*** Opening INPUT RECORDS ***

lemma strongly_measurable_on_if_dense_sequence:
  fixes e :: "nat \<Rightarrow> 'a::real_normed_vector"
  assumes "S \<in> sets lebesgue"
    and measurable: "\<And>c. (\<lambda>t. norm (f t - c)) \<in> borel_measurable (lebesgue_on S)"
    and dense: "\<And>t. t \<in> S \<Longrightarrow> f t \<in> closure (range e)"
  shows "strongly_measurable_on S f"
  unfolding strongly_measurable_on_def
proof (intro exI[of _ "\<lambda>n t. e (approx_index f e n t)"] conjI allI)
  fix n v
  show "countable ((\<lambda>t. e (approx_index f e n t)) ` S)"
    by (rule countable_subset[of _ "range e"]) auto
  show "{t\<in>S. e (approx_index f e n t) = v} \<in> sets lebesgue"
    using measurable_approx_index[OF measurable]
    by (intro level_set_in_sets_lebesgue \<open>S \<in> sets lebesgue\<close> measurable_compose[OF _ measurable_count_space])
next
  have "(\<lambda>n. e (approx_index f e n t)) \<longlonglongrightarrow> f t" if "t \<in> S" for t
  proof -
    have "(\<lambda>n. norm (e (approx_index f e n t) - f t)) \<longlonglongrightarrow> 0"
      using norm_diff_approx_index_le[of f t e, OF dense[OF that]]
      by (intro tendsto_sandwich[OF _ _ tendsto_const LIMSEQ_inverse_real_of_nat])
        (auto simp: norm_minus_commute)
    then show ?thesis
      by (simp add: tendsto_norm_zero_iff LIM_zero_iff)
  qed
  then show "AE t in lebesgue_on S. (\<lambda>n. e (approx_index f e n t)) \<longlonglongrightarrow> f t"
    by (intro AE_I2) simp
qed

lemma emeasure_index_tail_less:
  fixes h :: "'b \<Rightarrow> nat"
  assumes "h \<in> measurable M (count_space UNIV)" "emeasure M (space M) \<noteq> \<infinity>" "0 < \<epsilon>"
  obtains m where "emeasure M {t \<in> space M. m \<le> h t} < \<epsilon>"
proof -
  define B where "B m = {t \<in> space M. m \<le> h t}" for m
  have "range B \<subseteq> sets M"
    using measurable_sets[OF assms(1), of "{m..}" for m] by (auto simp: B_def vimage_def Int_def conj_commute)
  moreover have "decseq B"
    by (auto simp: decseq_def B_def)
  moreover have "emeasure M (B m) \<noteq> \<infinity>" for m
    using \<open>range B \<subseteq> sets M\<close> assms(2) emeasure_mono[of "B m" "space M" M]
    by (auto simp: B_def top_unique)
  moreover have "(\<Inter>m. B m) = {}"
    by (auto simp: B_def) (metis Suc_n_not_le_n)
  ultimately have "(\<lambda>m. emeasure M (B m)) \<longlonglongrightarrow> 0"
    using Lim_emeasure_decseq[of B M] by simp
  then obtain m where "emeasure M (B m) < \<epsilon>"
    using order_tendstoD(2)[OF _ \<open>0 < \<epsilon>\<close>] by (metis eventually_sequentially order_refl)
  then show ?thesis
    using that by (simp add: B_def)
qed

*** Closing INPUT RECORDS ***

*REQUIRED ACTION*. Restate the entries above word for word, beginning with their first line and ending with the line holding "using measurable_approx_index[OF measurable]"; omit everything else.

*PROBLEM SOLUTION*.
lemma strongly_measurable_on_if_dense_sequence:
  fixes e :: "nat \<Rightarrow> 'a::real_normed_vector"
  assumes "S \<in> sets lebesgue"
    and measurable: "\<And>c. (\<lambda>t. norm (f t - c)) \<in> borel_measurable (lebesgue_on S)"
    and dense: "\<And>t. t \<in> S \<Longrightarrow> f t \<in> closure (range e)"
  shows "strongly_measurable_on S f"
  unfolding strongly_measurable_on_def
proof (intro exI[of _ "\<lambda>n t. e (approx_index f e n t)"] conjI allI)
  fix n v
  show "countable ((\<lambda>t. e (approx_index f e n t)) ` S)"
    by (rule countable_subset[of _ "range e"]) auto
  show "{t\<in>S. e (approx_index f e n t) = v} \<in> sets lebesgue"
    using measurable_approx_index[OF measurable]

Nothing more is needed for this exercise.